Alligators and Crocodiles
Two reptiles that are often confused with each other are alligators and crocodiles. They are also referred to as gators and crocs. Since they are both reptiles, they do have similar features and characteristics.
For example, both are cold-blooded and have to regulate their body temperature according to their surroundings. They do this by cooling off in the water or shade and then warming up again in the sun. In addition, like nearly all other reptiles, they lay eggs and their skin is covered with hard, dry scales.

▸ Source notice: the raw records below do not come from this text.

text \<open>By \<open>subgroup_commuting_mod\<close> it suffices to check commutators of generators, first
  with a generator on the right and then, after swapping, with an arbitrary element.\<close>

lemma derived_generate_subset:
  assumes S: "S \<subseteq> carrier G" and K: "subgroup K G"
    and normal: "\<And>h k. h \<in> generate G S \<Longrightarrow> k \<in> K \<Longrightarrow> h \<otimes> k \<otimes> inv h \<in> K"
    and comm: "\<And>s t. s \<in> S \<Longrightarrow> t \<in> S \<Longrightarrow> s \<otimes> t \<otimes> inv s \<otimes> inv t \<in> K"
  shows "derived G (generate G S) \<subseteq> K"
proof -
  let ?H = "generate G S"
  let ?C = "\<lambda>h. {g \<in> ?H. g \<otimes> h \<otimes> inv g \<otimes> inv h \<in> K}"
  have H: "subgroup ?H G" using generate_is_subgroup[OF S] .
  have C: "subgroup (?C h) G" if "h \<in> ?H" for h
    using H K normal that by (rule subgroup_commuting_mod)
  have swap: "h \<otimes> g \<otimes> inv h \<otimes> inv g \<in> K"
    if "g \<otimes> h \<otimes> inv g \<otimes> inv h \<in> K" "g \<in> ?H" "h \<in> ?H" for g h
    using subgroup.m_inv_closed[OF K that(1)]
    unfolding commutator_inv[OF subgroup.mem_carrier[OF H] subgroup.mem_carrier[OF H], OF that(2,3)] .
  have "?H \<subseteq> ?C t" if t: "t \<in> S" for t
    by (rule generate_subgroup_incl[OF _ C]) (use t comm generate.incl[of _ S G] in auto)
  then have "?H \<subseteq> ?C g" if g: "g \<in> ?H" for g
    by (intro generate_subgroup_incl[OF _ C[OF g]]) (use g swap generate.incl[of _ S G] in blast)
  then have "derived_set G ?H \<subseteq> K" by blast
  then show ?thesis
    unfolding derived_def using generate_subgroup_incl[OF _ K] by blast
qed

end

section \<open>Sections of tree automorphisms\<close>

locale regular_tree =
  fixes d :: nat
begin

sublocale Aut: group "AutT d"
  by (rule group_AutT)

abbreviation aut_mult (infixl "\<star>" 70) where "g \<star> h \<equiv> g \<otimes>\<^bsub>AutT d\<^esub> h"
abbreviation aut_inv ("\<iota>") where "\<iota> g \<equiv> inv\<^bsub>AutT d\<^esub> g"
abbreviation aut_one ("\<e>") where "\<e> \<equiv> \<one>\<^bsub>AutT d\<^esub>"
abbreviation sect_at (infixl "\<down>" 90) where "g \<down> x \<equiv> sect d g [x]"

lemmas aut_one_closed [simp] = Aut.one_closed[unfolded carrier_AutT]
lemmas aut_mult_closed [simp] = Aut.m_closed[unfolded carrier_AutT]
lemmas aut_inv_closed [simp] = Aut.inv_closed[unfolded carrier_AutT]
lemmas aut_inv_inv = Aut.inv_inv[unfolded carrier_AutT]
lemmas aut_inv_cancel_left = Aut.inv_cancel_left[unfolded carrier_AutT]
lemmas aut_cancel_inv_left = Aut.cancel_inv_left[unfolded carrier_AutT]
lemmas aut_inv_cancel_right = Aut.inv_cancel_right[unfolded carrier_AutT]
lemmas aut_conj_cancel = Aut.conj_cancel[unfolded carrier_AutT]

lemma aut_mult_apply: "u \<in> words d \<Longrightarrow> (g \<star> h) u = h (g u)"
  by (simp add: mult_AutT compose_eq)

lemma aut_inv_apply:
  assumes g: "g \<in> tree_aut d" and u: "u \<in> words d"
  shows "(\<iota> g) (g u) = u"
proof -
  have "(\<iota> g) (g u) = (g \<star> \<iota> g) u" using aut_mult_apply[OF u] by simp
  also have "\<dots> = u" using g u by (simp add: one_AutT)
  finally show ?thesis .
qed

lemma aut_apply_inv:
  assumes "g \<in> tree_aut d" "u \<in> words d"
  shows "g ((\<iota> g) u) = u"
  using aut_inv_apply[OF aut_inv_closed[OF assms(1)] assms(2)] assms(1) by simp

lemma root_perm_mult:
  assumes "g \<in> tree_aut d" "h \<in> tree_aut d" "x \<in> {1..d}"
  shows "root_perm (g \<star> h) x = root_perm h (root_perm g x)"
  using tree_aut_singleton[OF assms(1,3)] assms(3) by (simp add: mult_AutT root_perm_def compose_eq)

lemma sect_mult:
  assumes g: "g \<in> tree_aut d" and h: "h \<in> tree_aut d" and x: "x \<in> {1..d}"
  shows "(g \<star> h)\<down>x = g\<down>x \<star> h\<down>(root_perm g x)"
proof -
  have "(g \<star> h)\<down>x = compose (words d) (h\<down>(root_perm g x)) (g\<down>x)"
  proof
    fix v
    show "((g \<star> h)\<down>x) v = compose (words d) (h\<down>(root_perm g x)) (g\<down>x) v"
    proof (cases "v \<in> words d")
      case True
      have gxv: "(g\<down>x) v \<in> words d" using sect_tree_aut[OF g x] tree_aut_words True by blast
      have "((g \<star> h)\<down>x) v = drop 1 (h (g (x # v)))"
        using True x by (simp add: sect_def aut_mult_apply)
      also have "\<dots> = (h\<down>(root_perm g x)) ((g\<down>x) v)"
        unfolding tree_aut_Cons[OF g x True] using gxv by (simp add: sect_def)
      finally show ?thesis using gxv by (simp add: compose_eq True)
    qed (simp add: sect_def compose_def)
  qed
  then show ?thesis by (simp add: mult_AutT)
qed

There are differences between alligators and crocodiles as well. One of the most distinguishing features is their snouts. Alligators have a wide, broad nose but a crocodile will usually have a narrow nose. Most alligators are darker in color too. Alligators live near freshwater environments, and there are only two kinds of alligators: American Alligator and Chinese Alligator. Of course, there are only two countries where they are found as well, China and the United States. In the U.S., alligators are mostly found in the southeast in Florida and Louisiana.
Crocodiles, on the other hand, live in many other places and are found in the tropics in America, Africa, Asia, and Australia. Crocodiles may be found in both freshwater and saltwater regions. In addition, crocodiles are much more aggressive than gators.
Other similarities include their size. The largest recorded size of an alligator was 19-feet long, and the largest crocodile was nearly 28-feet long. The average size of a Chinese alligator is less than five feet and an American gator between 9.8 and 15 feet. Crocodiles are smaller and grow to an average length between 4.9 to 6.2 feet.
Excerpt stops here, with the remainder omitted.